Build an AI agent that analyzes DAO governance proposals, simulates voting outcomes, and detects voter manipulation patterns — covering Snapshot, Tally, and on-chain governance contracts.

Your DAO passed a proposal that drained 40% of the treasury. 73% of voting power came from wallets created 48 hours before the vote. An AI agent would have flagged it in 90 seconds. You’re not here to read another breathless think-piece about the potential of AI in Web3. You’re here because you’re tired of manually sifting through Snapshot pages and Etherscan tabs, trying to spot the attack before it drains the funds you’re responsible for. Let’s build a system that does it for you—an AI agent that analyzes proposals, sniffs out manipulation, and simulates votes before they happen, using real tools on real chains.

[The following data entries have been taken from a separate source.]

(* Let $\mathcal{R}=\{R_1,\ldots,R_n\}$ be a family of axis-aligned rectangles in $\mathbb{R}^2$ such that the $2n$ $x$-coordinates of the vertical sides are pairwise distinct and the $2n$ $y$-coordinates of the horizontal sides are pairwise distinct. Let $a_1,\ldots,a_{2n}$ be its $x$-sequence and $b_1,\ldots,b_{2n}$ its $y$-sequence, and for each $i$ let $a(i)=(j_1,j_2)$ and $b(i)=(j_1',j_2')$. Then there exists a family of axis-aligned squares $\mathcal{S}=\{S_1,\ldots,S_n\}$ whose $x$-sequence equals that of $\mathcal{R}$ and whose $y$-sequence equals that of $\mathcal{R}$ if and only if the following linear program in the variables $x_1,\ldots,x_{2n-1},y_1,\ldots,y_{2n-1}$ is feasible: $$x_k\ge 1,\ y_k\ge 1 \ (k=1,\ldots,2n-1),\qquad \sum_{k=j_1}^{j_2-1}x_k=\sum_{k=j_1'}^{j_2'-1}y_k \ \text{ for every } i=1,\ldots,n, \text{ where } a(i)=(j_1,j_2),\ b(i)=(j_1',j_2').$$ Moreover, from a feasible solution one obtains such squares by setting $l(S_i)=\sum_{k=1}^{j_1-1}x_k$, $r(S_i)=\sum_{k=1}^{j_2-1}x_k$, $b(S_i)=\sum_{k=1}^{j_1'-1}y_k$, $t(S_i)=\sum_{k=1}^{j_2'-1}y_k$.
   Context: For an axis-aligned rectangle $R$, $l(R),r(R)$ denote the $x$-coordinates of its left and right sides and $b(R),t(R)$ the $y$-coordinates of its bottom and top sides. For a family $\{R_1,\ldots,R_n\}$ of axis-aligned rectangles with pairwise distinct vertical-side $x$-coordinates, list the $2n$ values $l(R_i), r(R_i)$ in increasing order $a'_1<\cdots<a'_{2n}$ and replace each value $l(R_i)$ or $r(R_i)$ by the index $i$; the resulting sequence $a_1,\ldots,a_{2n}$ (in which each $i\in\{1,\ldots,n\}$ appears exactly twice) is the $x$-sequence, and $a(i)=(j_1,j_2)$ denotes the pair of positions $j_1<j_2$ with $a_{j_1}=a_{j_2}=i$. The $y$-sequence $b_1,\ldots,b_{2n}$ and the function $b(i)=(j_1',j_2')$ are defined analogously using the values $b(R_i),t(R_i)$. The same definitions apply to families of squares, which must then also have pairwise distinct such coordinates. *)

theory Defs
  imports Complex_Main
begin

text \<open>A family of n axis-aligned rectangles is given by four coordinate functions
  l r b t :: nat => real on the index set {1..n}: rectangle i is
  [l i, r i] x [b i, t i].\<close>

definition rect_family :: "nat \<Rightarrow> (nat \<Rightarrow> real) \<Rightarrow> (nat \<Rightarrow> real) \<Rightarrow> (nat \<Rightarrow> real) \<Rightarrow> (nat \<Rightarrow> real) \<Rightarrow> bool" where
  "rect_family n l r b t \<longleftrightarrow> (\<forall>i\<in>{1..n}. l i < r i \<and> b i < t i)"

definition square_family :: "nat \<Rightarrow> (nat \<Rightarrow> real) \<Rightarrow> (nat \<Rightarrow> real) \<Rightarrow> (nat \<Rightarrow> real) \<Rightarrow> (nat \<Rightarrow> real) \<Rightarrow> bool" where
  "square_family n l r b t \<longleftrightarrow> rect_family n l r b t \<and> (\<forall>i\<in>{1..n}. r i - l i = t i - b i)"

definition distinct_coords :: "nat \<Rightarrow> (nat \<Rightarrow> real) \<Rightarrow> (nat \<Rightarrow> real) \<Rightarrow> bool" where
  "distinct_coords n l r \<longleftrightarrow> inj_on l {1..n} \<and> inj_on r {1..n} \<and> (\<forall>i\<in>{1..n}. \<forall>j\<in>{1..n}. l i \<noteq> r j)"

definition coord_vals :: "nat \<Rightarrow> (nat \<Rightarrow> real) \<Rightarrow> (nat \<Rightarrow> real) \<Rightarrow> real set" where
  "coord_vals n l r = l ` {1..n} \<union> r ` {1..n}"

definition coord_seq :: "nat \<Rightarrow> (nat \<Rightarrow> real) \<Rightarrow> (nat \<Rightarrow> real) \<Rightarrow> nat list" where
  "coord_seq n l r = map (\<lambda>v. THE i. i \<in> {1..n} \<and> (l i = v \<or> r i = v))
                          (sorted_list_of_set (coord_vals n l r))"

text \<open>Positions (1-based) j1 < j2 at which index i occurs in a sequence s;
  a(i) = (seq_fst s i, seq_snd s i).\<close>
definition seq_occ :: "nat list \<Rightarrow> nat \<Rightarrow> nat set" where
  "seq_occ s i = {j. 1 \<le> j \<and> j \<le> length s \<and> s ! (j - 1) = i}"

definition seq_fst :: "nat list \<Rightarrow> nat \<Rightarrow> nat" where
  "seq_fst s i = Min (seq_occ s i)"

definition seq_snd :: "nat list \<Rightarrow> nat \<Rightarrow> nat" where
  "seq_snd s i = Max (seq_occ s i)"

definition lp_feasible_sol :: "nat \<Rightarrow> nat list \<Rightarrow> nat list \<Rightarrow> (nat \<Rightarrow> real) \<Rightarrow> (nat \<Rightarrow> real) \<Rightarrow> bool" where
  "lp_feasible_sol n as bs x y \<longleftrightarrow>
     (\<forall>k\<in>{1..2*n-1}. x k \<ge> 1 \<and> y k \<ge> 1) \<and>
     (\<forall>i\<in>{1..n}. (\<Sum>k\<in>{seq_fst as i..<seq_snd as i}. x k) = (\<Sum>k\<in>{seq_fst bs i..<seq_snd bs i}. y k))"

end

theory Submission
  imports Defs
begin

text \<open>The x-sequence records only the relative order of the 2n coordinates, so it is unchanged
  by any strictly increasing relabelling of them. Given a feasible solution, the prefix sums of x
  (and of y) increase strictly with the position; putting the coordinate at position j of a
  sequence at the j-th prefix sum therefore realizes the sequence, and the equations of the linear
  program say exactly that every resulting rectangle is a square. Conversely, for squares the gaps
  between consecutive coordinates are positive, every side length is a telescoping sum of gaps, so
  the gaps satisfy the equations, and scaling them by a large enough constant makes them at
  least 1.\<close>

text \<open>The 1-based position of \<open>v\<close> in the increasing enumeration of \<open>V\<close>, matching the
  position convention of \<open>seq_occ\<close>.\<close>

definition set_rank :: "'a::linorder set \<Rightarrow> 'a \<Rightarrow> nat" where
  "set_rank V v = Suc (card {w\<in>V. w < v})"

lemma set_rank_less_iff:
  assumes "finite V" "v \<in> V" "w \<in> V"
  shows "set_rank V v < set_rank V w \<longleftrightarrow> v < w"
proof
  assume "v < w"
  then have "{u\<in>V. u < v} \<subset> {u\<in>V. u < w}" using assms(2) by auto
  then show "set_rank V v < set_rank V w"
    unfolding set_rank_def using assms(1) by (simp add: psubset_card_mono)
next
  assume "set_rank V v < set_rank V w"
  moreover have "set_rank V w \<le> set_rank V v" if "w \<le> v"
    unfolding set_rank_def using assms(1) that by (auto intro!: card_mono)
  ultimately show "v < w" by (meson not_le)
qed

lemma set_rank_sorted_list_of_set:
  assumes "finite V" "j < card V"
  shows "set_rank V (sorted_list_of_set V ! j) = Suc j"
proof -
  let ?L = "sorted_list_of_set V"
  have sorted: "sorted_wrt (<) ?L" and len: "length ?L = card V" and set: "set ?L = V"
    using assms(1) by auto
  have "{w\<in>V. w < ?L ! j} = (!) ?L ` {..<j}"
  proof (intro set_eqI iffI)
    fix w assume "w \<in> {w\<in>V. w < ?L ! j}"
    then have "w \<in> set ?L" "w < ?L ! j" using set by auto
    then obtain i where i: "i < length ?L" "?L ! i = w" "?L ! i < ?L ! j"
      by (auto simp: in_set_conv_nth)
    have "i < j"
    proof (rule ccontr)
      assume "\<not> i < j"
      then have "i = j \<or> j < i" by linarith
      then have "?L ! j \<le> ?L ! i"
        using sorted_wrt_nth_less[OF sorted _ i(1), of j] by auto
      then show False using i(3) by simp
    qed
    then show "w \<in> (!) ?L ` {..<j}" using i(2) by blast
  next
    fix w assume "w \<in> (!) ?L ` {..<j}"
    then obtain i where "i < j" "w = ?L ! i" by blast
    moreover have "j < length ?L" using assms(2) len by simp
    ultimately show "w \<in> {w\<in>V. w < ?L ! j}"
      using sorted_wrt_nth_less[OF sorted, of i j] nth_mem[of i ?L] set by simp
  qed
  moreover have "inj_on ((!) ?L) {..<j}"
  proof (rule inj_onI)
    fix i k assume "i \<in> {..<j}" "k \<in> {..<j}" "?L ! i = ?L ! k"
    then show "i = k" using assms(2) len by (simp add: nth_eq_iff_index_eq)
  qed
  ultimately show ?thesis unfolding set_rank_def by (simp add: card_image)
qed

lemma nth_sorted_list_of_set_rank:
  assumes "finite V" "v \<in> V"
  shows "set_rank V v \<in> {1..card V}" "sorted_list_of_set V ! (set_rank V v - 1) = v"
proof -
  obtain j where "j < card V" "v = sorted_list_of_set V ! j"
    using assms by (metis in_set_conv_nth length_sorted_list_of_set set_sorted_list_of_set)
  then show "set_rank V v \<in> {1..card V}" "sorted_list_of_set V ! (set_rank V v - 1) = v"
    using set_rank_sorted_list_of_set[OF assms(1)] by auto
qed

Why Your DAO’s Snapshot Page is a Ticking Time Bomb

DAO governance isn’t broken; it’s just a juicy, slow-moving target. The attack vectors are well-known, but spotting them in the noise of ~1.2M transactions/day on Ethereum (Etherscan, Q1 2026) is the problem. Your main enemies are:

  • Bribery & Vote Farming: Protocols literally pay voters (in their own token) to vote a certain way. It’s legal, it’s on-chain, and it completely skews “community” sentiment.
  • Sybil Attacks (The 48-Hour Wallet Special): An attacker creates hundreds of wallets, airdrops themselves governance tokens from a faucet or via a flash loan, and votes in a bloc. The wallet age and funding source are dead giveaways—if you check.
  • Flash Loan Voting: Borrow millions in governance tokens for the duration of a vote, swing it, repay the loan, and pocket the profits from the malicious proposal’s outcome. It leaves a massive, obvious on-chain footprint that vanishes after one block.

Manual review misses these patterns. A script that checks wallet creation dates, funding sources, and delegate concentration doesn’t. That’s your agent’s first job.

Architecting Your Governance Sentinel: More Than a Script

This isn’t a one-off Python file. It’s a monitoring system. The core architecture needs three layers:

  1. Data Fetcher: Pulls live proposal and vote data from Snapshot and Tally APIs, and raw transaction history from chain RPCs.
  2. Analysis Engine: Runs the fetched data through pattern detection logic (your “AI” – initially, heuristic rules and later ML models) and simulates vote outcomes under different scenarios (e.g., “what if we exclude wallets < 7 days old?”).
  3. Alerting Layer: Pushes high-risk findings to a Telegram bot or Discord webhook immediately.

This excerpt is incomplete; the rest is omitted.